WORK ORDER
Could you show each line of the records that contains the word "noteq"?

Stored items
+++++
lemma sgn_det_gpath_descending:
  assumes drt: "decorated_rooted_tree V A E f q v0" and "v \<in> V" "w \<in> V"
    and "tree_less V A E v0 v w"
    and edge: "\<And>x y. x \<in> V \<Longrightarrow> y \<in> V \<Longrightarrow> {x, y} \<in> E \<Longrightarrow> sgn (det_edge E q x y) = s"
  shows "sgn (det_path E q (gpath (V \<union> A) E v w)) = s"
proof -
  have dt: "decorated_tree V A E f q" and root: "is_root V A E f q v0"
    using drt unfolding decorated_rooted_tree_def by auto
  have tree: "is_tree (V \<union> A) E" and fin: "finite E"
    using dt unfolding decorated_tree_def is_tree_def graph_def by auto
  have "v0 \<in> V" using root unfolding is_root_def by simp
  define r where "r = gpath (V \<union> A) E v0 w"
  have r: "is_path (V \<union> A) E r" "hd r = v0" "last r = w"
    using gpath_spec[OF tree] \<open>v0 \<in> V\<close> \<open>w \<in> V\<close> unfolding r_def by auto
  have "r \<noteq> []" using r(1) unfolding is_path_def by simp
  have dist: "distinct r" using distinct_tree_path[OF tree r(1)] .
  obtain k where k: "k < length r" "r ! k = v"
    using \<open>tree_less V A E v0 v w\<close> unfolding tree_less_def r_def by (auto simp: in_set_conv_nth)
  have "Suc k < length r"
    using k r(3) \<open>r \<noteq> []\<close> \<open>tree_less V A E v0 v w\<close>
    by (metis Suc_lessI diff_Suc_1 last_conv_nth tree_less_def)
  define xs where "xs = drop k r"
  define n where "n = length r - Suc k"
  have len: "length xs = Suc n" and "0 < n"
    using \<open>Suc k < length r\<close> unfolding xs_def n_def by auto
  have xs_nth: "xs ! i = r ! (k + i)" for i
    using k(1) unfolding xs_def by simp
  have xs_edge: "path_edge xs i = path_edge r (k + i)" for i
    unfolding path_edge_def xs_nth by simp
  have xs: "is_path (V \<union> A) E xs" unfolding xs_def using r(1) k(1) by (rule is_path_drop)
  have "gpath (V \<union> A) E v w = xs"
    using gpath_eq[OF tree xs] k r(3) \<open>r \<noteq> []\<close> by (simp add: xs_def hd_drop_conv_nth)
  have in_V: "r ! m \<in> V" if m: "k \<le> m" "m < length r" for m
  proof -
    consider "m = k" | "m = length r - 1" | "0 < m" "Suc m < length r" using m by linarith
    then show ?thesis
    proof cases
      case 3
      then have "r ! m \<notin> A" by (rule interior_cell_not_arrow[OF dt r(1)])
      moreover have "r ! m \<in> V \<union> A" using r(1) m(2) unfolding is_path_def by (auto dest: nth_mem)
      ultimately show ?thesis by simp
    qed (use k r(3) \<open>v \<in> V\<close> \<open>w \<in> V\<close> \<open>r \<noteq> []\<close> in \<open>auto simp: last_conv_nth\<close>)
  qed
  have root_pos: "q e (r ! m) \<ge> 1"
    if m: "k \<le> m" "m < length r" and e: "e \<in> E" "r ! m \<in> e"
      and not_back: "0 < m \<Longrightarrow> e \<noteq> path_edge r (m - 1)" for m e
  proof (cases "r ! m = v0")
    case True
    then show ?thesis using root e unfolding is_root_def by simp
  next
    case False
    have "hd (take (Suc m) r) = v0" using r(2) by (cases r) auto
    moreover have "last (take (Suc m) r) = r ! m" using m(2) by (simp add: take_Suc_conv_app_nth)
    ultimately have "gpath (V \<union> A) E v0 (r ! m) = take (Suc m) r"
      using gpath_eq[OF tree is_path_take[OF r(1) m(2)]] by simp
    moreover have "e \<notin> path_edges (take (Suc m) r)"
    proof
      assume "e \<in> path_edges (take (Suc m) r)"
      then have "e \<in> {e \<in> path_edges (take (Suc m) r). take (Suc m) r ! m \<in> e}"
        using e m(2) by simp
      then have "0 < m \<and> e = path_edge (take (Suc m) r) (m - 1)"
        using path_edges_at_nth[of "take (Suc m) r" m] dist m(2) by (auto split: if_splits)
      then show False using not_back m(2) by (simp add: path_edge_take)
    qed
    ultimately show ?thesis
      using root False in_V[OF m] e unfolding is_root_def by simp
  qed
  have "sgn (det_path E q xs) = s"
  proof (rule sgn_det_path[OF xs _ fin len \<open>0 < n\<close>])
    show "distinct xs" unfolding xs_def using dist by simp
    show "q (path_edge xs j) (xs ! j) > 0" if "j < n" for j
    proof -
      have j: "Suc (k + j) < length r" using that by (simp add: n_def)
      have "path_edge r (k + j) \<noteq> path_edge r (k + j - 1)" if "0 < k + j"
        using path_edge_neq_next[OF r(1), of "k + j - 1"] j that by simp
      moreover have "path_edge r (k + j) \<in> E"
        using path_edges_subset[OF r(1)] path_edge_in_path_edges[OF j] by blast
      ultimately have "q (path_edge r (k + j)) (r ! (k + j)) \<ge> 1"
        using j by (intro root_pos) (auto simp: path_edge_def)
      then show ?thesis by (simp add: xs_edge xs_nth)
    qed
  next
    fix i assume i: "0 < i" "i \<le> n"
    show "Qpath E q xs (xs ! i) > 0"
      unfolding Qpath_def
    proof (rule prod_pos)
      fix e assume e: "e \<in> {\<epsilon> \<in> E. xs ! i \<in> \<epsilon> \<and> \<epsilon> \<notin> path_edges xs}"
      have "path_edge r (k + i - 1) \<in> path_edges xs"
        using path_edge_in_path_edges[of "i - 1" xs] xs_edge[of "i - 1"] i len by simp
      then have "e \<noteq> path_edge r (k + i - 1)" using e by blast
      moreover have "k + i < length r" using i by (simp add: n_def)
      ultimately have "q e (r ! (k + i)) \<ge> 1"
        using e by (intro root_pos) (auto simp: xs_nth)
      then show "q e (xs ! i) > 0" by (simp add: xs_nth)
    qed
  next
    fix j assume "j < n"
    then show "sgn (det_edge E q (xs ! j) (xs ! Suc j)) = s"
      using edge in_V[of "k + j"] in_V[of "k + Suc j"] path_edges_subset[OF xs]
        path_edge_in_path_edges[of j xs] len
      by (auto simp: xs_nth n_def path_edge_def)
  qed
  then show ?thesis using \<open>gpath (V \<union> A) E v w = xs\<close> by simp
qed
text \<open>Rows are peeled off by decreasing weight: once all heavier rows are known to be
  diagonal, the column sums leave no room for entries of the current row in heavier columns,
  and then the row identity can only hold if all its inequalities are equalities.\<close>

lemma balanced_row_diagonal:
  fixes \<nu> :: "'u \<Rightarrow> 'u \<Rightarrow> nat" and \<beta> :: "'u \<Rightarrow> nat"
  assumes fin: "finite U" and perm: "\<sigma> permutes U" and inj: "inj_on \<beta> U" and u: "u \<in> U"
    and row: "(\<Sum>v\<in>U. \<nu> u v * \<beta> v) + \<beta> (\<sigma> u) = p * \<beta> u"
    and rowsum: "(\<Sum>v\<in>U. \<nu> u v) + 1 = p"
    and colsum: "\<And>v. v \<in> U \<Longrightarrow> (\<Sum>w\<in>U. \<nu> w v) = p - 1"
    and heavier: "\<And>w. w \<in> U \<Longrightarrow> \<beta> u < \<beta> w \<Longrightarrow> \<sigma> w = w \<and> \<nu> w w = p - 1"
  shows "\<sigma> u = u \<and> (\<forall>v\<in>U. \<nu> u v = (if v = u then p - 1 else 0))"
proof -
  have heavier_column: "\<nu> u v = 0" if v: "v \<in> U" "\<beta> u < \<beta> v" for v
  proof -
    have "u \<noteq> v" using v by auto
    then have "\<nu> u v + \<nu> v v = (\<Sum>w\<in>{u, v}. \<nu> w v)" by simp
    also have "\<dots> \<le> (\<Sum>w\<in>U. \<nu> w v)" using fin u v(1) by (intro sum_mono2) auto
    finally have "\<nu> u v + \<nu> v v \<le> p - 1" using colsum[OF v(1)] by simp
    moreover have "\<nu> v v = p - 1" using heavier[OF v] by blast
    ultimately show ?thesis by linarith
  qed
  have le: "\<nu> u v * \<beta> v \<le> \<nu> u v * \<beta> u" if "v \<in> U" for v
    using heavier_column[OF that] by (cases "\<beta> u < \<beta> v") auto
  have sigma_le: "\<beta> (\<sigma> u) \<le> \<beta> u"
  proof (rule ccontr)
    assume gt: "\<not> \<beta> (\<sigma> u) \<le> \<beta> u"
    have "\<sigma> u \<in> U" using permutes_in_image[OF perm] u by simp
    then have "\<sigma> (\<sigma> u) = \<sigma> u" using heavier gt by simp
    then have "\<sigma> u = u" using permutes_inj[OF perm] by (simp add: inj_eq)
    then show False using gt by simp
  qed
  have "(\<Sum>v\<in>U. \<nu> u v) = p - 1" using rowsum by simp
  then have weighted: "(\<Sum>v\<in>U. \<nu> u v * \<beta> u) = (p - 1) * \<beta> u"
    by (simp flip: sum_distrib_right)
  have p: "p * \<beta> u = (p - 1) * \<beta> u + \<beta> u" using rowsum by (cases p) auto
  have "(\<Sum>v\<in>U. \<nu> u v * \<beta> v) \<le> (\<Sum>v\<in>U. \<nu> u v * \<beta> u)"
    using le by (intro sum_mono)
  then have "\<beta> (\<sigma> u) = \<beta> u" and tight: "(\<Sum>v\<in>U. \<nu> u v * \<beta> v) = (\<Sum>v\<in>U. \<nu> u v * \<beta> u)"
    using row weighted sigma_le p by linarith+
  then have fixed: "\<sigma> u = u" using inj_onD[OF inj] permutes_in_image[OF perm] u by blast
  have off_diagonal: "\<nu> u v = 0" if v: "v \<in> U" "v \<noteq> u" for v
  proof -
    have "\<nu> u v * \<beta> v = \<nu> u v * \<beta> u" using sum_mono_inv[OF tight le v(1) fin] .
    moreover have "\<beta> v \<noteq> \<beta> u" using inj_onD[OF inj _ v(1) u] v(2) by blast
    ultimately show ?thesis by simp
  qed
  have "(\<Sum>v\<in>U. \<nu> u v) = (\<Sum>v\<in>{u}. \<nu> u v)"
    by (rule sum.mono_neutral_right) (use fin u off_diagonal in auto)
  then show ?thesis using fixed off_diagonal rowsum by auto
qed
+++++
RESPONSE
  have "r \<noteq> []" using r(1) unfolding is_path_def by simp
    using k r(3) \<open>r \<noteq> []\<close> \<open>tree_less V A E v0 v w\<close>
    using gpath_eq[OF tree xs] k r(3) \<open>r \<noteq> []\<close> by (simp add: xs_def hd_drop_conv_nth)
    qed (use k r(3) \<open>v \<in> V\<close> \<open>w \<in> V\<close> \<open>r \<noteq> []\<close> in \<open>auto simp: last_conv_nth\<close>)
      and not_back: "0 < m \<Longrightarrow> e \<noteq> path_edge r (m - 1)" for m e
      have "path_edge r (k + j) \<noteq> path_edge r (k + j - 1)" if "0 < k + j"
      then have "e \<noteq> path_edge r (k + i - 1)" using e by blast
    have "u \<noteq> v" using v by auto
  have off_diagonal: "\<nu> u v = 0" if v: "v \<in> U" "v \<noteq> u" for v
    moreover have "\<beta> v \<noteq> \<beta> u" using inj_onD[OF inj _ v(1) u] v(2) by blast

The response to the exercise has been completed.